## [ACTIVITY]
Copy every line from the records below that carries the word "rfloor".
─── SUPPLIED INFORMATION ───
(* For any integers $n\ge g\ge1$, $\Delta\big(\tfrac{R(g,n)}{n}\big)\le\tfrac gn$.
   Context: A set $S$ of integers is a $B^*[g]$ set if for every integer $m$ there are at most $g$ ordered pairs $(s_1,s_2)\in S\times S$ with $s_1+s_2=m$. $R(g,n)$ is the maximum cardinality of a $B^*[g]$ set contained in $\{1,2,\dots,n\}$. Let $\lambda$ be Lebesgue measure; a set $C\subseteq\mathbb{R}$ is symmetric if there is $c$ with $c+x\in C\iff c-x\in C$; $D(A):=\sup\{\lambda(C): C\subseteq A \text{ measurable and symmetric}\}$, and $\Delta(\varepsilon):=\inf\{D(A): A\subseteq[0,1) \text{ measurable},\ \lambda(A)=\varepsilon\}$ for $0\le\varepsilon\le1$. *)

theory Defs
  imports "HOL-Analysis.Analysis"
begin

definition Bstar :: "nat \<Rightarrow> int set \<Rightarrow> bool" where
  "Bstar g S \<longleftrightarrow>
     (\<forall>m::int. finite {p \<in> S \<times> S. fst p + snd p = m} \<and>
               card {p \<in> S \<times> S. fst p + snd p = m} \<le> g)"

definition R :: "nat \<Rightarrow> nat \<Rightarrow> nat" where
  "R g n = Max {card S | S. S \<subseteq> {1..int n} \<and> Bstar g S}"

definition symmetric_set :: "real set \<Rightarrow> bool" where
  "symmetric_set C \<longleftrightarrow> (\<exists>c. \<forall>x. c + x \<in> C \<longleftrightarrow> c - x \<in> C)"

definition D :: "real set \<Rightarrow> real" where
  "D A = Sup {measure lebesgue C | C. C \<subseteq> A \<and> C \<in> sets lebesgue \<and> symmetric_set C}"

definition Delta :: "real \<Rightarrow> real" where
  "Delta \<epsilon> = Inf {D A | A. A \<subseteq> {0..<1} \<and> A \<in> sets lebesgue \<and> measure lebesgue A = \<epsilon>}"

end

theory Submission
  imports Defs
begin

text \<open>Take a \<open>B\<^sup>*[g]\<close> set \<open>S \<subseteq> {1..n}\<close> of size \<open>R(g,n)\<close> and let \<open>A\<close> be the union of the cells
  \<open>[(s-1)/n, s/n)\<close>, \<open>s \<in> S\<close>, so \<open>\<lambda>(A) = R(g,n)/n\<close>. Let \<open>C \<subseteq> A\<close> be symmetric about \<open>c\<close> and put
  \<open>a = \<lfloor>2cn\<rfloor> + 1\<close>, \<open>d = a - 2cn \<in> (0,1]\<close>. A point of \<open>C\<close> in the cell of \<open>s\<close> is mirrored into the
  cell of some \<open>t \<in> S\<close>, and necessarily \<open>s + t \<in> {a, a + 1}\<close>; the case \<open>s + t = a\<close> confines the
  point to the last \<open>d/n\<close> of its cell, the case \<open>s + t = a + 1\<close> to the first \<open>(1 - d)/n\<close>. Each of
  \<open>a\<close> and \<open>a + 1\<close> has at most \<open>g\<close> representations \<open>s + t\<close> with \<open>s, t \<in> S\<close>, hence
  \<open>\<lambda>(C) \<le> g d/n + g (1 - d)/n = g/n\<close>.\<close>

lemma Bstar_card_representations:
  assumes "Bstar g S"
  shows "finite {s \<in> S. m - s \<in> S}" "card {s \<in> S. m - s \<in> S} \<le> g"
proof -
  let ?P = "{p \<in> S \<times> S. fst p + snd p = m}"
  have P: "finite ?P" "card ?P \<le> g"
    using assms unfolding Bstar_def by auto
  have P_eq: "?P = (\<lambda>s. (s, m - s)) ` {s \<in> S. m - s \<in> S}"
    by force
  have inj: "inj_on (\<lambda>s. (s, m - s)) {s \<in> S. m - s \<in> S}"
    by (rule inj_onI) simp
  show "finite {s \<in> S. m - s \<in> S}"
    using P(1) unfolding P_eq by (rule finite_imageD[OF _ inj])
  show "card {s \<in> S. m - s \<in> S} \<le> g"
    using P(2) unfolding P_eq card_image[OF inj] .
qed

lemma R_attained: "\<exists>S. S \<subseteq> {1..int n} \<and> Bstar g S \<and> card S = R g n"
proof -
  let ?K = "{card S | S. S \<subseteq> {1..int n} \<and> Bstar g S}"
  have "finite ?K"
    by (rule finite_subset[of _ "card ` Pow {1..int n}"]) auto
  moreover have "Bstar g {}"
    unfolding Bstar_def by simp
  then have "?K \<noteq> {}"
    by blast
  ultimately have "Max ?K \<in> ?K"
    by (rule Max_in)
  then show ?thesis
    unfolding R_def by auto
qed

lemma measure_UNION_le_card:
  fixes b :: real
  assumes "finite I" "\<And>i. i \<in> I \<Longrightarrow> F i \<in> sets M" "\<And>i. i \<in> I \<Longrightarrow> measure M (F i) \<le> b"
  shows "measure M (\<Union>i\<in>I. F i) \<le> card I * b"
  using measure_UNION_le[of I F M] sum_bounded_above[of I "\<lambda>i. measure M (F i)" b] assms
  by simp

lemma mem_scaled_interval_iff:
  fixes n :: nat and x a b :: real
  assumes "n > 0"
  shows "x \<in> {a / n ..< b / n} \<longleftrightarrow> a \<le> n * x \<and> n * x < b"
    and "x \<in> {a / n .. b / n} \<longleftrightarrow> a \<le> n * x \<and> n * x \<le> b"
  using assms by (auto simp: field_simps)

lemma measure_scaled_interval:
  fixes n :: nat and a b :: real
  assumes "n > 0" "a \<le> b"
  shows "measure lebesgue {a / n ..< b / n} = (b - a) / n"
    and "measure lebesgue {a / n .. b / n} = (b - a) / n"
  using assms by (simp_all add: divide_right_mono diff_divide_distrib)

definition cell :: "nat \<Rightarrow> int \<Rightarrow> real set" where
  "cell n s = {(of_int s - 1) / n ..< of_int s / n}"

lemma mem_cell_iff:
  "n > 0 \<Longrightarrow> x \<in> cell n s \<longleftrightarrow> of_int s - 1 \<le> n * x \<and> n * x < of_int s"
  unfolding cell_def by (rule mem_scaled_interval_iff)

lemma lmeasurable_cell: "cell n s \<in> lmeasurable"
  unfolding cell_def
  by (rule fmeasurableI2[OF lmeasurable_interval(1)[of "(of_int s - 1) / n" "of_int s / n"]]) auto

lemma measure_cell: "n > 0 \<Longrightarrow> measure lebesgue (cell n s) = 1 / n"
  unfolding cell_def using measure_scaled_interval(1)[of n "of_int s - 1" "of_int s"] by simp

lemma disjoint_family_cell:
  assumes "n > 0"
  shows "disjoint_family (cell n)"
  unfolding disjoint_family_on_def
proof (intro ballI impI)
  fix s t :: int assume "s \<noteq> t"
  have "s = t" if "x \<in> cell n s" "x \<in> cell n t" for x
  proof -
    have "of_int s - 1 \<le> n * x" "n * x < of_int s" "of_int t - 1 \<le> n * x" "n * x < of_int t"
      using that mem_cell_iff[OF assms] by auto
    then have "s - 1 < t" "t - 1 < s"
      by linarith+
    then show "s = t"
      by linarith
  qed
  then show "cell n s \<inter> cell n t = {}"
    using \<open>s \<noteq> t\<close> by blast
qed

lemma cell_subset_unit_interval:
  assumes "n > 0" "1 \<le> s" "s \<le> int n"
  shows "cell n s \<subseteq> {0..<1}"
proof
  fix x assume "x \<in> cell n s"
  then have "of_int s - 1 \<le> n * x" "n * x < of_int s"
    using mem_cell_iff[OF assms(1)] by auto
  moreover have "1 \<le> real_of_int s" "real_of_int s \<le> n"
    using assms(2,3) by linarith+
  ultimately have "0 \<le> n * x" "n * x < n * 1"
    by linarith+
  then show "x \<in> {0..<1}"
    using assms(1) by (simp add: zero_le_mult_iff)
qed

lemma measure_cells:
  assumes "n > 0" "finite S"
  shows "measure lebesgue (\<Union>s\<in>S. cell n s) = card S / n"
proof -
  have "measure lebesgue (\<Union>s\<in>S. cell n s) = (\<Sum>s\<in>S. measure lebesgue (cell n s))"
  proof (rule measure_finite_Union[OF assms(2)])
    show "disjoint_family_on (cell n) S"
      using disjoint_family_cell[OF assms(1)] by (rule disjoint_family_on_mono[rotated]) simp
    show "cell n ` S \<subseteq> sets lebesgue"
      using lmeasurable_cell by blast
    show "emeasure lebesgue (cell n s) \<noteq> \<infinity>" for s
      using fmeasurableD2[OF lmeasurable_cell] by simp
  qed
  then show ?thesis
    using assms by (simp add: measure_cell)
qed

text \<open>The reflection step in units of \<open>1/n\<close>: \<open>y = nx\<close> and \<open>u = 2cn\<close>, so \<open>u - y\<close> is the mirror image.\<close>

lemma reflected_cells:
  fixes u y :: real and s t :: int
  defines "a \<equiv> \<lfloor>u\<rfloor> + 1"
  defines "d \<equiv> of_int a - u"
  assumes "of_int s - 1 \<le> y" "y < of_int s" "of_int t - 1 \<le> u - y" "u - y < of_int t"
  shows "s + t = a \<and> of_int s - d \<le> y \<or> s + t = a + 1 \<and> y \<le> of_int s - d"
proof (cases "of_int (s + t) - 1 \<le> u")
  case True
  then have "\<lfloor>u\<rfloor> = s + t - 1"
    using assms(3-6) by (intro floor_unique) auto
  then show ?thesis
    using assms(6) unfolding a_def d_def by auto
next
  case False
  then have "\<lfloor>u\<rfloor> = s + t - 2"
    using assms(3-6) by (intro floor_unique) auto
  then show ?thesis
    using assms(5) unfolding a_def d_def by auto
qed

lemma measure_symmetric_subset_cells:
  assumes "n > 0" "Bstar g S" "C \<subseteq> (\<Union>s\<in>S. cell n s)" "C \<in> sets lebesgue" "symmetric_set C"
  shows "measure lebesgue C \<le> g / n"
proof -
  obtain c where c: "\<And>x. c + x \<in> C \<longleftrightarrow> c - x \<in> C"
    using assms(5) unfolding symmetric_set_def by blast
  define u where "u = 2 * c * n"
  define a where "a = \<lfloor>u\<rfloor> + 1"
  define d where "d = of_int a - u"
  have d: "0 < d" "d \<le> 1"
    unfolding d_def a_def by linarith+
  define P where "P k = {s \<in> S. k - s \<in> S}" for k
  define J1 where "J1 s = {(of_int s - d) / n .. of_int s / n}" for s :: int
  define J2 where "J2 s = {(of_int s - 1) / n .. (of_int s - d) / n}" for s :: int
  have cover: "C \<subseteq> (\<Union>s\<in>P a. J1 s) \<union> (\<Union>s\<in>P (a + 1). J2 s)"
  proof
    fix x assume "x \<in> C"
    then obtain s where s: "s \<in> S" "x \<in> cell n s"
      using assms(3) by blast
    have "2 * c - x \<in> C"
      using c[of "x - c"] \<open>x \<in> C\<close> by (simp add: algebra_simps)
    then obtain t where t: "t \<in> S" "2 * c - x \<in> cell n t"
      using assms(3) by blast
    have "n * (2 * c - x) = u - n * x"
      unfolding u_def by (simp add: algebra_simps)
    then have "of_int s - 1 \<le> n * x" "n * x < of_int s"
      "of_int t - 1 \<le> u - n * x" "u - n * x < of_int t"
      using s(2) t(2) mem_cell_iff[OF assms(1)] by auto
    then have "s + t = a \<and> of_int s - d \<le> n * x \<or> s + t = a + 1 \<and> n * x \<le> of_int s - d"
      unfolding a_def d_def by (rule reflected_cells)
    then show "x \<in> (\<Union>s\<in>P a. J1 s) \<union> (\<Union>s\<in>P (a + 1). J2 s)"
    proof
      assume "s + t = a \<and> of_int s - d \<le> n * x"
      then have "s \<in> P a" "x \<in> J1 s"
        using s t \<open>n * x < of_int s\<close> unfolding P_def J1_def mem_scaled_interval_iff[OF assms(1)]
        by auto
      then show ?thesis
        by blast
    next
      assume *: "s + t = a + 1 \<and> n * x \<le> of_int s - d"
      then have "a + 1 - s = t"
        by linarith
      with * have "s \<in> P (a + 1)" "x \<in> J2 s"
        using s t \<open>of_int s - 1 \<le> n * x\<close> unfolding P_def J2_def mem_scaled_interval_iff[OF assms(1)]
        by auto
      then show ?thesis
        by blast
    qed
  qed
  have P: "finite (P k)" "card (P k) \<le> g" for k
    unfolding P_def using Bstar_card_representations[OF assms(2)] by auto
  have J: "J1 s \<in> lmeasurable" "J2 s \<in> lmeasurable"
    "measure lebesgue (J1 s) = d / n" "measure lebesgue (J2 s) = (1 - d) / n" for s
    unfolding J1_def J2_def using d measure_scaled_interval(2)[OF assms(1)] by auto
  have "measure lebesgue C \<le> measure lebesgue ((\<Union>s\<in>P a. J1 s) \<union> (\<Union>s\<in>P (a + 1). J2 s))"
    using cover assms(4) P(1) J by (intro measure_mono_fmeasurable fmeasurable.Un fmeasurable.finite_UN) auto
  also have "\<dots> \<le> measure lebesgue (\<Union>s\<in>P a. J1 s) + measure lebesgue (\<Union>s\<in>P (a + 1). J2 s)"
    using P(1) J by (intro measure_Un_le sets.finite_UN) auto
  also have "\<dots> \<le> card (P a) * (d / n) + card (P (a + 1)) * ((1 - d) / n)"
    using P(1) J by (intro add_mono measure_UNION_le_card) auto
  also have "\<dots> \<le> g * (d / n) + g * ((1 - d) / n)"
    using P(2) d by (intro add_mono mult_right_mono) auto
  also have "\<dots> = g / n"
    using assms(1) by (simp add: field_simps)
  finally show ?thesis .
qed

lemma symmetric_set_empty: "symmetric_set {}"
  unfolding symmetric_set_def by simp

lemma D_le:
  assumes "\<And>C. C \<subseteq> A \<Longrightarrow> C \<in> sets lebesgue \<Longrightarrow> symmetric_set C \<Longrightarrow> measure lebesgue C \<le> b"
  shows "D A \<le> b"
  unfolding D_def using assms symmetric_set_empty by (intro cSup_least) auto

lemma D_nonneg:
  assumes "A \<subseteq> B" "B \<in> lmeasurable"
  shows "0 \<le> D A"
  unfolding D_def
proof (rule cSup_upper)
  show "0 \<in> {measure lebesgue C | C. C \<subseteq> A \<and> C \<in> sets lebesgue \<and> symmetric_set C}"
    using symmetric_set_empty by force
  show "bdd_above {measure lebesgue C | C. C \<subseteq> A \<and> C \<in> sets lebesgue \<and> symmetric_set C}"
    using assms by (intro bdd_aboveI[of _ "measure lebesgue B"]) (auto intro: measure_mono_fmeasurable)
qed

lemma Delta_le_D:
  assumes "A \<subseteq> {0..<1}" "A \<in> sets lebesgue" "measure lebesgue A = \<epsilon>"
  shows "Delta \<epsilon> \<le> D A"
  unfolding Delta_def
proof (rule cInf_lower)
  show "D A \<in> {D A | A. A \<subseteq> {0..<1} \<and> A \<in> sets lebesgue \<and> measure lebesgue A = \<epsilon>}"
    using assms by blast
  have "{0..<1::real} \<in> lmeasurable"
    by (rule fmeasurableI2[OF lmeasurable_interval(1)[of 0 1]]) auto
  then show "bdd_below {D A | A. A \<subseteq> {0..<1} \<and> A \<in> sets lebesgue \<and> measure lebesgue A = \<epsilon>}"
    by (intro bdd_belowI[of _ 0]) (auto intro: D_nonneg)
qed

theorem proposition3p1:
  fixes g n :: nat
  assumes "1 \<le> g" and "g \<le> n"
  shows "Delta (real (R g n) / real n) \<le> real g / real n"
proof -
  have n: "n > 0"
    using assms by simp
  obtain S where S: "S \<subseteq> {1..int n}" "Bstar g S" "card S = R g n"
    using R_attained by blast
  have "finite S"
    using S(1) finite_subset by blast
  define A where "A = (\<Union>s\<in>S. cell n s)"
  have "A \<subseteq> {0..<1}"
    unfolding A_def using S(1) cell_subset_unit_interval[OF n] by fastforce
  moreover have "A \<in> sets lebesgue"
    unfolding A_def using \<open>finite S\<close> lmeasurable_cell by blast
  moreover have "measure lebesgue A = R g n / n"
    unfolding A_def using measure_cells[OF n \<open>finite S\<close>] S(3) by simp
  ultimately have "Delta (R g n / n) \<le> D A"
    by (rule Delta_le_D)
  also have "D A \<le> g / n"
    using measure_symmetric_subset_cells[OF n S(2)] unfolding A_def by (intro D_le) auto
  finally show ?thesis .
qed

end
theorem theorem5p3:
  fixes q :: "'a::field_gcd poly"
    and le :: "('v::finite \<Rightarrow>\<^sub>0 nat) \<Rightarrow> ('v \<Rightarrow>\<^sub>0 nat) \<Rightarrow> bool"
    and F :: "('v, 'a) mpoly list"
    and f :: "('v, 'a) mpoly"
  assumes "monomial_order le"
    and "degree q > 0"
    and "\<forall>fj \<in> set F. in_Rq_poly q fj \<and> \<not> Poly_Mapping.keys fj \<subseteq> {0}"
    and "in_Rq_poly q f"
  shows "\<exists>lam r hs.
           Rq_unit q lam \<and> in_Rq_poly q r \<and> properly_reduced q le F r \<and>
           length hs = length F \<and> (\<forall>h \<in> set hs. in_Rq_poly q h) \<and>
           Rq_scale q lam f =
             Rq_add q (sigma_q q (\<Sum>j<length F. Rq_mult q (hs ! j) (F ! j))) r \<and>
           (f \<noteq> 0 \<longrightarrow>
              (let S = {lm le (hs ! j) + lm le (F ! j) | j. j < length F \<and> hs ! j \<noteq> 0}
                       \<union> (if r = 0 then {} else {lm le r})
               in lm le f \<in> S \<and> (\<forall>\<beta> \<in> S. le \<beta> (lm le f))))"
proof -
  obtain hs r where div: "proper_division q le F f hs r"
    and lm_f: "f \<noteq> 0 \<Longrightarrow>
      lm le f \<in> division_support le F hs r \<and> (\<forall>\<beta>\<in>division_support le F hs r. le \<beta> (lm le f))"
  proof (cases "f = 0")
    case True
    then show ?thesis
      using that proper_division_zero by blast
  next
    case False
    then obtain hs r where div: "proper_division q le F f hs r"
      and terms: "division_terms_in le F hs r {\<beta>. le \<beta> (lm le f)}"
      using proper_division_exists[OF assms(1,4)] by blast
    have "lm le f \<in> division_support le F hs r"
      using div by (intro lm_in_division_support[OF assms(1) False _ terms]) (simp add: proper_division_def)
    then show ?thesis
      using that div division_support_le_lm[OF assms(1) terms] by blast
  qed
  have "Rq_scale q 1 f = f"
    using assms(4) by (rule Rq_scale_one)
  also have "\<dots> = sigma_q q ((\<Sum>j<length F. hs ! j * F ! j) + r)"
    using div by (simp add: proper_division_def)
  also have "\<dots> = Rq_add q (sigma_q q (\<Sum>j<length F. Rq_mult q (hs ! j) (F ! j))) r"
    by (rule Rq_add_sum_Rq_mult[symmetric])
  finally show ?thesis
    using div lm_f Rq_unit_one[OF assms(2)]
    by (intro exI[of _ 1] exI[of _ r] exI[of _ hs]) (auto simp: proper_division_def division_support_def)
qed

end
───
## [EXERCISE SOLUTION]
  \<open>a = \<lfloor>2cn\<rfloor> + 1\<close>, \<open>d = a - 2cn \<in> (0,1]\<close>. A point of \<open>C\<close> in the cell of \<open>s\<close> is mirrored into the
  defines "a \<equiv> \<lfloor>u\<rfloor> + 1"
  then have "\<lfloor>u\<rfloor> = s + t - 1"
  then have "\<lfloor>u\<rfloor> = s + t - 2"
  define a where "a = \<lfloor>u\<rfloor> + 1"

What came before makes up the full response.